If there are no gaseous reactants or products (i.e. only liquids/solids involved) OR if moles gaseous reactants = moles gaseous products, then Δn = 0 and ΔH = ΔE or ΔU).

ENERGETICS INDEX 


1.3b Treatment of experimental results

In any calorimeter the heat released or absorbed is given by

energy transferred = SHCH2O x m x ΔT    (sometimes expressed simply as q = m c ΔT)

SHCH2O = specific heat capacity of water (4.18 J g–1 K–1) i.e. it takes 4.18 J of heat energy to raise 1g/1cm3 of water by 1o.

This assumes the heat capacity of the water is the same as the solution in method 1.3a1

m = mass of the water absorbing the heat, usually grammes.

This ignores the mass of the calorimeter, thermometer, insulation etc.

ΔT = temperature change  (Tfinal – Tinitial)

This cannot take into account heat energy losses, which any experiment should be designed to minimise, so its only what you can actually measure directly.

You then have to relate this heat change to the mass/molar quantities used to get the ΔH enthalpy change in kJ mol–1.


Examples of calculations using data from various calorimetric methods

The calculations are based on experimental data alone OR a combination of standard data and experimental data.

Either way, many involve using Hess's Law, e.g. a 'simple' triangular arrangement (see Hess's Law Notes and below)

Application of Hess's Law (i)

ΔHθ1

  B

ΔHθ2

(c) doc b    

ΔHθ3

C
Clearly there are two pathways from A to B

direct and via C following the arrows direction

from Hess's Law: ΔHθ1  =  ΔHθ2  +  ΔHθ3

or    ΔHθ2  =  ΔHθ1  –  ΔHθ3

or    ΔHθ3  =  ΔHθ1  –  ΔHθ2

Application of Hess's Law (ii)

ΔHθ1

  B

ΔHθ2

(c) doc b     (c) doc b

ΔHθ3

C
In this case there are two pathways from A to C

direct and via B following the arrows direction

from Hess's Law: ΔHθ2  =  ΔHθ1  +  ΔHθ3

and   ΔHθ1  =  ΔHθ2  –  ΔHθ3

or    ΔHθ3  =  ΔHθ2  –  ΔHθ1

Always take care with the ΔH signs which ever way you set up the triangle to apply Hess's Law Although slightly more awkward, (ii) might be better suited to the way the experiment results are obtained

 


1. Determining the enthalpy of combustion of an alcohol (using method 1.3a2)

  • 100 cm3 of water (100g) was measured into the calorimeter.

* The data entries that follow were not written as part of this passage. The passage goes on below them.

definition q_reduced :: "'v set \<Rightarrow> ('v \<Rightarrow> 'v \<Rightarrow> nat) \<Rightarrow> 'v \<Rightarrow> ('v \<Rightarrow> int) \<Rightarrow> bool" where
  "q_reduced V m q D \<longleftrightarrow>
     (\<forall>v\<in>V. v \<noteq> q \<longrightarrow> D v \<ge> 0) \<and>
     (\<forall>A. A \<subseteq> V - {q} \<and> A \<noteq> {} \<longrightarrow> (\<exists>v\<in>A. D v < outdeg V m A v))"

definition lap_matrix :: "'v set \<Rightarrow> ('v \<Rightarrow> 'v \<Rightarrow> nat) \<Rightarrow> 'v \<Rightarrow> 'v \<Rightarrow> rat" where
  "lap_matrix V m v w = (if v = w then of_nat (\<Sum>u\<in>V. m v u) else - of_nat (m v w))"

definition gen_inverse :: "'v set \<Rightarrow> ('v \<Rightarrow> 'v \<Rightarrow> rat) \<Rightarrow> ('v \<Rightarrow> 'v \<Rightarrow> rat) \<Rightarrow> bool" where
  "gen_inverse V Q L \<longleftrightarrow>
     (\<forall>i\<in>V. \<forall>j\<in>V. (\<Sum>k\<in>V. \<Sum>l\<in>V. Q i k * L k l * Q l j) = Q i j)"

text \<open>Energy pairing \<langle>D1,D2\<rangle> = [D1]^T L [D2] for a (chosen) generalized inverse L of Q;
  the value is independent of the choice for degree-zero divisors.\<close>
definition energy :: "'v set \<Rightarrow> ('v \<Rightarrow> 'v \<Rightarrow> nat) \<Rightarrow> ('v \<Rightarrow> int) \<Rightarrow> ('v \<Rightarrow> int) \<Rightarrow> rat" where
  "energy V m D1 D2 =
     (let L = (SOME L. gen_inverse V (lap_matrix V m) L)
      in (\<Sum>u\<in>V. \<Sum>w\<in>V. of_int (D1 u) * L u w * of_int (D2 w)))"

  • The spirit burner contained the fuel ethanol CH3CH2OH ('alcohol') and weighed 18.62g at the start.

  • After burning it weighed 17.14g and the temperature of the water rose from 18 to 89oC.

  • The temperature rise = 89 – 18 = 71oC (exothermic, heat energy given out).

  • Mass of fuel burned = 18.62–17.14 = 1.48g.

  • Heat given out to the water = mass of water x SHCwater x temperature change

    • = 100 x 4.18 x 71 = 29678 J (for 1.48g)

  • Mr(ethanol) = 46 (H=1, C=12, O=16)

  • Therefore 1.48g ethanol = 1.48/46 = 0.03217 mol

  • So, scaling up to 1 mole of ethanol burned gives 29678 x 1 / 0.03217 = 922536 J

  • Enthalpy of combustion of ethanol = ΔHc(ethanol) = –923 kJmol–1  (only accurate to 3 sf at best)

  • for the reaction: CH3CH2OH(l) + 3O2(g) ===> 2CO2(g) + 3H2O(l)

  • The data book value for the heat of combustion of ethanol is –1367 kJmol–1, showing lots of heat loss in the experiment!

  • It is possible to get more accurate values by calibrating the calorimeter with a substance whose energy release on combustion is known.

 


2. Determining the enthalpy of combustion of benzoic acid with a bomb calorimeter (using method 1.3a3)

A bomb calorimeter had a heat capacity equivalent to 800.0 g of water.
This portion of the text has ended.